2) The author tested the HCQ only in two cell lines and showed toxicity against only one cell line. Can the author test HCQ NPs on a few more cell lines to see if they are effective against any other cell lines?
3) In Fig 1a, the authors claimed that they were able to synthesize uniformly sized NPs.
However, many different sizes can be seen in the TEM shown. This needs to be clarified. The author could report the size in mean SD if there were different size particles.
4) Can the authors quantify the data in Fig 3b?
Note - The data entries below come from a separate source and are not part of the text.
(* For every integer $a \ge 4$ divisible by four and every odd integer $b \ge 3$, $R_\mathrm{cyc}(M_a^\mathrm{nest}, S_b) \ge a + b - 3$, where $S_b$ is any star graph of order $b$.
   Context: All graphs are finite, simple and undirected, and a graph of order $n$ has vertex set $\{0,1,\ldots,n-1\}$; $K_n$ is the complete graph on $\{0,\ldots,n-1\}$. A $2$-edge-coloring of $K_n$ assigns each edge a color in $\{1,2\}$. For a graph $H$ and such a coloring, an embedding of $H$ in color $j$ is an injective map $\varphi\colon V(H)\to V(K_n)$ such that for every edge $uv$ of $H$ the edge $\{\varphi(u),\varphi(v)\}$ has color $j$; it is increasing up to a cyclic permutation if there exists $t\in V(H)$ such that $(\varphi(t),\ldots,\varphi(|H|-1),\varphi(0),\ldots,\varphi(t-1))$ is increasing. The cyclic Ramsey number $R_\mathrm{cyc}(H_1,H_2)$ is the smallest $n$ such that every $2$-edge-coloring of $K_n$ admits an embedding of $H_1$ in color $1$ or of $H_2$ in color $2$ that is increasing up to a cyclic permutation. For even $n\ge2$, the nested matching $M_n^\mathrm{nest}$ is the graph of order $n$ whose edges are $\{v,n-1-v\}$ for $0\le v\le n/2-1$. A star graph of order $n$ is a graph on $\{0,\ldots,n-1\}$ in which one vertex (the center, arbitrary) is adjacent to all others and there are no other edges; the value of $R_\mathrm{cyc}$ does not depend on the choice of center. *)

theory Defs
  imports Main
begin
lemma heq_scaled_wip_gram_iff:
  "heq_scaled (wip n (\<lambda>j k. inner (\<phi> j) (\<phi> k))) (vecs n) a c b
     \<longleftrightarrow> synthesis n \<phi> a = c *\<^sub>R synthesis n \<phi> b"
proof
  assume heq: "heq_scaled (wip n (\<lambda>j k. inner (\<phi> j) (\<phi> k))) (vecs n) a c b"
  define e where "e k = (if k \<in> {1..n} then a k - c * b k else 0)" for k
  have e: "synthesis n \<phi> e = synthesis n \<phi> a - c *\<^sub>R synthesis n \<phi> b"
    unfolding synthesis_diff by (rule synthesis_cong) (simp add: e_def)
  have "e \<in> vecs n"
    by (simp add: e_def vecs_def)
  then have "inner (synthesis n \<phi> e) (synthesis n \<phi> a) = c * inner (synthesis n \<phi> e) (synthesis n \<phi> b)"
    using heq unfolding heq_scaled_def wip_gram by blast
  then have "inner (synthesis n \<phi> e) (synthesis n \<phi> e) = 0"
    unfolding e by (simp add: inner_diff_right)
  then show "synthesis n \<phi> a = c *\<^sub>R synthesis n \<phi> b"
    unfolding e by simp
qed (simp add: heq_scaled_def wip_gram)

lemma mat_mul_diag_mat_left:
  "k \<in> {1..n} \<Longrightarrow> mat_mul n (diag_mat d) B k l = d k * B k l"
  unfolding mat_mul_def diag_mat_def by (simp add: if_distrib[of "\<lambda>z. z * _"] cong: if_cong)

lemma mat_mul_diag_mat_right:
  "l \<in> {1..n} \<Longrightarrow> mat_mul n B (diag_mat d) k l = B k l * d l"
  unfolding mat_mul_def diag_mat_def by (simp add: if_distrib[of "\<lambda>z. _ * z"] cong: if_cong)

lemma mat_adj_mul_diag_mat:
  assumes "k \<in> {1..c}" "d k \<noteq> 0"
  shows "mat_adj r c d W (mat_mul c B (diag_mat d)) k l = (\<Sum>q=1..r. B q k * W q l)"
  using assms unfolding mat_adj_def
  by (simp add: mat_mul_diag_mat_left mat_mul_diag_mat_right mat_mul_def[of r] mat_transpose_def
      sum_distrib_left mult_ac)

locale time_grid =
  fixes T :: real and tt :: "nat \<Rightarrow> real" and s :: nat
  assumes grid_start: "0 \<le> tt 1"
    and grid_incr: "\<forall>j\<in>{1..s}. tt j < tt (Suc j)"
    and grid_end: "tt (Suc s) \<le> T"
begin

abbreviation delta_ip :: "(nat \<Rightarrow> real) \<Rightarrow> (nat \<Rightarrow> real) \<Rightarrow> real" where
  "delta_ip \<equiv> wip s (diag_mat (deltas tt))"

definition step_fun :: "(nat \<Rightarrow> real) \<Rightarrow> real \<Rightarrow> real" where
  "step_fun a t = (\<Sum>l=1..s. a l * chi tt l t)"

definition chi_moment :: "nat \<Rightarrow> (real \<Rightarrow> real) \<Rightarrow> real" where
  "chi_moment j g = (LINT t|lebesgue_on {0..T}. chi tt j t * g t)"

lemma grid_mono:
  assumes "1 \<le> j" "j \<le> l" "l \<le> Suc s"
  shows "tt j \<le> tt l"
  using assms(2,3)
proof (induction l rule: dec_induct)
  case (step n)
  then have "tt n < tt (Suc n)"
    using assms(1) grid_incr by auto
  with step show ?case by simp
qed simp

lemma grid_interval_bounds: "j \<in> {1..s} \<Longrightarrow> 0 \<le> tt j \<and> tt (Suc j) \<le> T"
  using grid_mono[of 1 j] grid_mono[of "Suc j" "Suc s"] grid_start grid_end by auto

lemma deltas_pos: "j \<in> {1..s} \<Longrightarrow> 0 < deltas tt j"
  using grid_incr by (simp add: deltas_def)

lemma chi_mult_chi:
  assumes "j \<in> {1..s}" "l \<in> {1..s}"
  shows "chi tt j t * chi tt l t = (if j = l then chi tt j t else 0)"
proof (cases j l rule: linorder_cases)
  case less
  then have "tt (Suc j) \<le> tt l"
    using assms grid_mono[of "Suc j" l] by auto
  then show ?thesis
    using less by (auto simp: chi_def)
next
  case greater
  then have "tt (Suc l) \<le> tt j"
    using assms grid_mono[of "Suc l" j] by auto
  then show ?thesis
    using greater by (auto simp: chi_def)
qed (simp add: chi_def)

lemma chi_in_L2: "chi tt j \<in> L2 T"
  by (rule bounded_measurable_in_L2[where B=1]) (simp_all add: chi_measurable chi_def)

lemma integral_chi:
  assumes "j \<in> {1..s}"
  shows "(LINT t|lebesgue_on {0..T}. chi tt j t) = deltas tt j"
proof -
  have sub: "{tt j<..<tt (Suc j)} \<subseteq> {0..T}"
    using grid_interval_bounds[OF assms] by auto
  have "(LINT t|lebesgue_on {0..T}. chi tt j t) = measure (lebesgue_on {0..T}) {tt j<..<tt (Suc j)}"
    unfolding chi_eq_indicator using sub
    by (subst Bochner_Integration.integral_indicator) (auto intro!: arg_cong[where f="measure _"])
  also have "\<dots> = measure lebesgue {tt j<..<tt (Suc j)}"
    using sub by (subst measure_restrict_space) auto
  also have "\<dots> = deltas tt j"
    using deltas_pos[OF assms] by (simp add: deltas_def)
  finally show ?thesis .
qed

lemma step_fun_cong: "(\<And>l. l \<in> {1..s} \<Longrightarrow> a l = b l) \<Longrightarrow> step_fun a = step_fun b"
  unfolding step_fun_def fun_eq_iff by simp

lemma step_fun_in_L2: "step_fun a \<in> L2 T"
proof (rule bounded_measurable_in_L2)
  show "step_fun a \<in> borel_measurable (lebesgue_on {0..T})"
    unfolding step_fun_def using chi_measurable by measurable
  fix t
  have "\<bar>step_fun a t\<bar> \<le> (\<Sum>l=1..s. \<bar>a l * chi tt l t\<bar>)"
    unfolding step_fun_def by (rule sum_abs)
  also have "\<dots> \<le> (\<Sum>l=1..s. \<bar>a l\<bar>)"
    by (rule sum_mono) (auto simp: chi_def abs_mult)
  finally show "\<bar>step_fun a t\<bar> \<le> (\<Sum>l=1..s. \<bar>a l\<bar>)" .
qed

lemma chi_moment_eq_L2_ip: "chi_moment j g = L2_ip T g (chi tt j)"
  by (simp add: chi_moment_def L2_ip_def mult.commute)

lemma L2_ip_step_fun:
  assumes "z \<in> L2 T"
  shows "L2_ip T (step_fun a) z = (\<Sum>l=1..s. a l * chi_moment l z)"
proof -
  have "L2_ip T (step_fun a) z = (LINT t|lebesgue_on {0..T}. (\<Sum>l=1..s. a l * (chi tt l t * z t)))"
    unfolding L2_ip_def step_fun_def by (simp add: sum_distrib_right mult.assoc)
  also have "\<dots> = (\<Sum>l=1..s. a l * chi_moment l z)"
    unfolding chi_moment_def using L2_integrable_mult[OF chi_in_L2 assms] by simp
  finally show ?thesis .
qed

lemma chi_moment_step_fun:
  assumes "j \<in> {1..s}"
  shows "chi_moment j (step_fun b) = deltas tt j * b j"
proof -
  have "chi_moment j (step_fun b) = (\<Sum>l=1..s. b l * chi_moment l (chi tt j))"
    by (simp add: chi_moment_eq_L2_ip L2_ip_step_fun chi_in_L2)
  also have "\<dots> = (\<Sum>l=1..s. if l = j then b j * deltas tt j else 0)"
    using assms by (intro sum.cong) (auto simp: chi_moment_def chi_mult_chi integral_chi)
  finally show ?thesis
    using assms by simp
qed

lemma L2_ip_step_fun_step_fun: "L2_ip T (step_fun a) (step_fun b) = delta_ip a b"
  by (simp add: L2_ip_step_fun step_fun_in_L2 chi_moment_step_fun wip_diag_mat mult_ac)

lemma heq_scaled_step_fun_iff:
  "heq_scaled (L2_ip T) (L2 T) (step_fun a) c (step_fun b) \<longleftrightarrow> heq_scaled delta_ip (vecs s) a c b"
proof -
  have "heq_scaled (L2_ip T) (L2 T) (step_fun a) c (step_fun b) \<longleftrightarrow> (\<forall>l\<in>{1..s}. a l = c * b l)"
  proof
    assume heq: "heq_scaled (L2_ip T) (L2 T) (step_fun a) c (step_fun b)"
    show "\<forall>l\<in>{1..s}. a l = c * b l"
    proof
      fix l assume l: "l \<in> {1..s}"
      have "chi_moment l (step_fun a) = c * chi_moment l (step_fun b)"
        using heq chi_in_L2 by (simp add: heq_scaled_def chi_moment_eq_L2_ip)
      then show "a l = c * b l"
        using l deltas_pos[OF l] by (simp add: chi_moment_step_fun)
    qed
  qed (simp add: heq_scaled_def L2_ip_step_fun sum_distrib_left mult_ac)
  also have "\<dots> \<longleftrightarrow> heq_scaled delta_ip (vecs s) a c b"
    using deltas_pos by (simp add: heq_scaled_wip_diag_mat_iff)
  finally show ?thesis .
qed

lemma chi_moment_heq_step_fun:
  assumes "heq_scaled (L2_ip T) (L2 T) g 1 (step_fun y)" "j \<in> {1..s}"
  shows "chi_moment j g = deltas tt j * y j"
proof -
  have "chi_moment j g = chi_moment j (step_fun y)"
    using assms(1) chi_in_L2 by (simp add: heq_scaled_def chi_moment_eq_L2_ip)
  then show ?thesis
    using chi_moment_step_fun[OF assms(2)] by simp
qed

lemma heq_scaled_step_fun_divideE:
  assumes "heq_scaled (L2_ip T) (L2 T) (step_fun a) c g" "c \<noteq> 0"
  obtains y where "y \<in> vecs s" "heq_scaled (L2_ip T) (L2 T) g 1 (step_fun y)"
proof
  define y where "y l = (if l \<in> {1..s} then a l / c else 0)" for l
  show "y \<in> vecs s"
    by (simp add: y_def vecs_def)
  show "heq_scaled (L2_ip T) (L2 T) g 1 (step_fun y)"
    unfolding heq_scaled_def
  proof
    fix z assume z: "z \<in> L2 T"
    have "L2_ip T (step_fun y) z = L2_ip T (step_fun a) z / c"
      unfolding L2_ip_step_fun[OF z] by (simp add: y_def sum_divide_distrib)
    also have "\<dots> = L2_ip T g z"
      using assms z by (simp add: heq_scaled_def)
    finally show "L2_ip T g z = 1 * L2_ip T (step_fun y) z" by simp
  qed
qed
5) None of the data has been statistically analyzed. Please provide statistical analysis for the quantification data.
Minor comments
6) In Fig 1d, please define the different color lines and mark the altered satellite peak as claimed in line 209.
7) In Fig 2c, 2d, please provide the number of particles measured.
8) Please define X-axis in Fig 4b and 4c. Also, provide the statistical analysis.
9) The scale bars are missing in IF images in Fid 4d.
Comparison with other Nanoparticles needs to be included. The MS will be much better if the authors can provide a comparison of HCQ NPs with Qu-Cu.
The findings are valid. But quantification and statistical analysis should be provided.
The manuscript "Self-assembly of hyaluronic acid-Cu-quercetin flavonoid nanoparticles: synergistic chemotherapy to target tumors" describes the synthesis of bioactive multifunctional, flavonoid nanoparticles (HCQ NPs) containing HA, CuCl2, and Qu for potential anticancer applications. In general, the manuscript is well written. The literature references provide sufficient field background. The study provides valuable scientific information, however a major revision must be done in order to continue with its publication within the journal.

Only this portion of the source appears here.